### [Exercise data]
lemma fibre_chart_prep:
  assumes "m \<le> n"
  shows "fibre_chart (2^(2*n+2)) (2^m) (\<lambda>i. r_idx n i mod 2^m)
     (\<lambda>i. (r_idx n i div 2^m, r_d1 n i, r_d0 n i, r_sys n i)) (\<lambda>(a,b,c,j) q. enc4 n (a * 2^m + q) b c j)"
proof (unfold_locales, goal_cases)
  case (2 i q)
  note r = r_less[OF 2(1)]
  have pw: "(2::nat)^n = 2^(n-m) * 2^m"
    using assms by (simp flip: power_add)
  then have "r_idx n i div 2^m + 1 \<le> 2^(n-m)"
    using r(1) by (simp add: less_mult_imp_div_less Suc_le_eq)
  then have "(r_idx n i div 2^m + 1) * 2^m \<le> 2^(n-m) * 2^m"
    by (rule mult_right_mono) simp
  then have "r_idx n i div 2^m * 2^m + q < 2^n"
    using 2(2) pw by (simp add: algebra_simps)
  with r show ?case
    unfolding prod.case by (intro enc4_less) auto
next
  case (4 i q)
  from r_less[OF 4(1)] 4(2) show ?case
    by simp
next
  case (5 i q)
  from r_less[OF 5(1)] 5(2) show ?case
    by simp
qed (simp_all add: div_mult_mod_eq)

lemma ext_del0_eq_fibre_lift:
  "ext_del0 n Q = fibre_lift (2^(2*n+2)) (\<lambda>i. enc3 n (r_idx n i) (r_d1 n i) (r_sys n i)) (r_d0 n) Q"
  by (simp add: ext_del0_def fibre_lift_def)

lemma ext_prep_eq_fibre_lift:
  "ext_prep n m P = fibre_lift (2^(2*n+2)) (\<lambda>i. r_idx n i mod 2^m)
     (\<lambda>i. (r_idx n i div 2^m, r_d1 n i, r_d0 n i, r_sys n i)) P"
  by (rule eq_matI) (auto simp: ext_prep_def fibre_lift_def)

lemma unitary_ext_del0: "unitary_mat (2^(2*n+1)) Q \<Longrightarrow> unitary_mat (2^(2*n+2)) (ext_del0 n Q)"
  unfolding ext_del0_eq_fibre_lift by (rule fibre_chart.unitary_fibre_lift[OF fibre_chart_del0])

lemma unitary_ext_prep: "m \<le> n \<Longrightarrow> unitary_mat (2^m) P \<Longrightarrow> unitary_mat (2^(2*n+2)) (ext_prep n m P)"
  unfolding ext_prep_eq_fibre_lift by (rule fibre_chart.unitary_fibre_lift[OF fibre_chart_prep])

lemma index_ext_del0_basis_col:
  assumes Q: "Q \<in> carrier_mat (2^(2*n+1)) (2^(2*n+1))"
    and "a < 2^n" "b < 2" "c < 2" "j < 2^n" "a' < 2^n" "b' < 2" "j' < 2^n" "p < 2^(2*n+2)"
    and Q_col: "Q *\<^sub>v unit_vec (2^(2*n+1)) (enc3 n a b j) = unit_vec (2^(2*n+1)) (enc3 n a' b' j')"
  shows "ext_del0 n Q $$ (p, enc4 n a b c j) = (if p = enc4 n a' b' c j' then 1 else 0)"
proof -
  let ?M = "(2::nat)^(2*n+1)"
  have in_M: "enc3 n a b j < ?M" "enc3 n a' b' j' < ?M"
    using assms enc3_less by blast+
  have Q_entry: "Q $$ (q, enc3 n a b j) = (if q = enc3 n a' b' j' then 1 else 0)" if "q < ?M" for q
  proof -
    have "Q $$ (q, enc3 n a b j) = (Q *\<^sub>v unit_vec ?M (enc3 n a b j)) $ q"
      by (rule index_mult_unit_vec[OF Q that in_M(1), symmetric])
    then show ?thesis
      unfolding Q_col using that in_M(2) by simp
  qed
  have "enc4 n a b c j < 2^(2*n+2)"
    using assms enc4_less by blast
  then have "ext_del0 n Q $$ (p, enc4 n a b c j)
      = (\<Sum>q<?M. if p = enc4 n (q div 2^n div 2) (q div 2^n mod 2) c (q mod 2^n)
                  then Q $$ (q, enc3 n a b j) else 0)"
    unfolding ext_del0_eq_fibre_lift
    using fibre_chart.index_fibre_lift_sum[OF fibre_chart_del0 \<open>p < 2^(2*n+2)\<close>] assms
    by (simp cong: if_cong)
  also have "\<dots> = (\<Sum>q<?M. if q = enc3 n a' b' j'
      then (if p = enc4 n (q div 2^n div 2) (q div 2^n mod 2) c (q mod 2^n) then 1 else 0) else 0)"
    by (intro sum.cong) (auto simp: Q_entry)
  finally show ?thesis
    using assms in_M by simp
qed

lemma index_ext_prep_col_zero:
  assumes "m \<le> n" "p < 2^(2*n+2)" "j < 2^n"
  shows "ext_prep n m P $$ (p, enc4 n 0 0 0 j) = (\<Sum>l<2^m. if p = enc4 n l 0 0 j then P $$ (l,0) else 0)"
proof -
  have "enc4 n 0 0 0 j < 2^(2*n+2)"
    using assms(3) by (intro enc4_less) auto
  from fibre_chart.index_fibre_lift_sum[OF fibre_chart_prep[OF assms(1)] assms(2) this, of P]
  show ?thesis
    unfolding ext_prep_eq_fibre_lift using assms(3) by (simp cong: if_cong)
qed

section \<open>The dictionary oracle\<close>

definition swap_index :: "nat \<Rightarrow> nat \<Rightarrow> nat" where
  "swap_index n k = enc4 n (r_sys n k) (r_d0 n k) (r_d1 n k) (r_idx n k)"

lemma swap_op_eq_perm_mat: "swap_op n = perm_mat (2^(2*n+2)) (swap_index n)"
  by (simp add: swap_op_def perm_mat_def swap_index_def)

lemma swap_index_enc4:
  "a < 2^n \<Longrightarrow> b < 2 \<Longrightarrow> c < 2 \<Longrightarrow> j < 2^n \<Longrightarrow> swap_index n (enc4 n a b c j) = enc4 n j c b a"
  by (simp add: swap_index_def)

lemma involution_on_swap_index: "involution_on (2^(2*n+2)) (swap_index n)"
proof
  fix k :: nat assume "k < 2^(2*n+2)"
  note r = r_less[OF this]
  show "swap_index n k < 2^(2*n+2)"
    unfolding swap_index_def using r by (intro enc4_less)
  show "swap_index n (swap_index n k) = k"
    unfolding swap_index_def using r by simp
qed

(* The image of |l>_idx |0>_del1 |0>_del0 |j>_sys under O_c tensored with the identity on del0;
   del1 = 1 flags j \<notin> S_c(l) or l \<ge> s0. *)
definition dict_target :: "nat \<Rightarrow> nat \<Rightarrow> (nat \<Rightarrow> nat set) \<Rightarrow> (nat \<Rightarrow> nat \<Rightarrow> nat) \<Rightarrow> nat \<Rightarrow> nat \<Rightarrow> nat" where
  "dict_target n s0 S c l j = (if l < s0 \<and> j \<in> S l then enc4 n (c j l) 0 0 j else enc4 n l 1 0 j)"

lemma dict_target_less:
  assumes "l < 2^n" "j < 2^n" "\<forall>l<s0. \<forall>j\<in>S l. c j l < 2^n"
  shows "dict_target n s0 S c l j < 2^(2*n+2)"
proof -
  have "enc4 n (c j l) 0 0 j < 2^(2*n+2)" if "l < s0 \<and> j \<in> S l"
    using assms that by (intro enc4_less) auto
  moreover have "enc4 n l 1 0 j < 2^(2*n+2)"
    using assms by (intro enc4_less) auto
  ultimately show ?thesis
    unfolding dict_target_def by simp
qed

lemma index_ext_del0_dict_oracle:
  assumes Oc: "Oc \<in> carrier_mat (2^(2*n+1)) (2^(2*n+1))"
    and c_range: "\<forall>l<s0. \<forall>j\<in>S l. c j l < 2^n"
    and Oc_in: "\<forall>l<s0. \<forall>j<2^n. j \<in> S l \<longrightarrow>
      Oc *\<^sub>v unit_vec (2^(2*n+1)) (enc3 n l 0 j) = unit_vec (2^(2*n+1)) (enc3 n (c j l) 0 j)"
    and Oc_out: "\<forall>l<2^m. \<forall>j<2^n. (j \<notin> S l \<or> s0 \<le> l) \<longrightarrow>
      Oc *\<^sub>v unit_vec (2^(2*n+1)) (enc3 n l 0 j) = unit_vec (2^(2*n+1)) (enc3 n l 1 j)"
    and "m \<le> n" "l < 2^m" "j < 2^n" "p < 2^(2*n+2)"
  shows "ext_del0 n Oc $$ (p, enc4 n l 0 0 j) = (if p = dict_target n s0 S c l j then 1 else 0)"
proof -
  have "l < 2^n"
    using \<open>m \<le> n\<close> \<open>l < 2^m\<close> power_increasing[of m n "2::nat"] by linarith
  show ?thesis
  proof (cases "l < s0 \<and> j \<in> S l")
    case True
    then have "Oc *\<^sub>v unit_vec (2^(2*n+1)) (enc3 n l 0 j) = unit_vec (2^(2*n+1)) (enc3 n (c j l) 0 j)"
      using Oc_in \<open>j < 2^n\<close> by blast
    then have "ext_del0 n Oc $$ (p, enc4 n l 0 0 j) = (if p = enc4 n (c j l) 0 0 j then 1 else 0)"
      using assms True \<open>l < 2^n\<close> by (intro index_ext_del0_basis_col[OF Oc]) auto
    then show ?thesis
      using True by (simp add: dict_target_def)
  next
    case False
    then have "Oc *\<^sub>v unit_vec (2^(2*n+1)) (enc3 n l 0 j) = unit_vec (2^(2*n+1)) (enc3 n l 1 j)"
      using Oc_out \<open>l < 2^m\<close> \<open>j < 2^n\<close> by auto
    then have "ext_del0 n Oc $$ (p, enc4 n l 0 0 j) = (if p = enc4 n l 1 0 j then 1 else 0)"
      using assms \<open>l < 2^n\<close> by (intro index_ext_del0_basis_col[OF Oc]) auto
    then show ?thesis
      using False by (auto simp: dict_target_def)
  qed
qed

### [Prompt]
Where does the string "definition" appear in the records above? Show every line that holds it.

### [Solution for this exercise]
definition swap_index :: "nat \<Rightarrow> nat \<Rightarrow> nat" where
definition dict_target :: "nat \<Rightarrow> nat \<Rightarrow> (nat \<Rightarrow> nat set) \<Rightarrow> (nat \<Rightarrow> nat \<Rightarrow> nat) \<Rightarrow> nat \<Rightarrow> nat \<Rightarrow> nat" where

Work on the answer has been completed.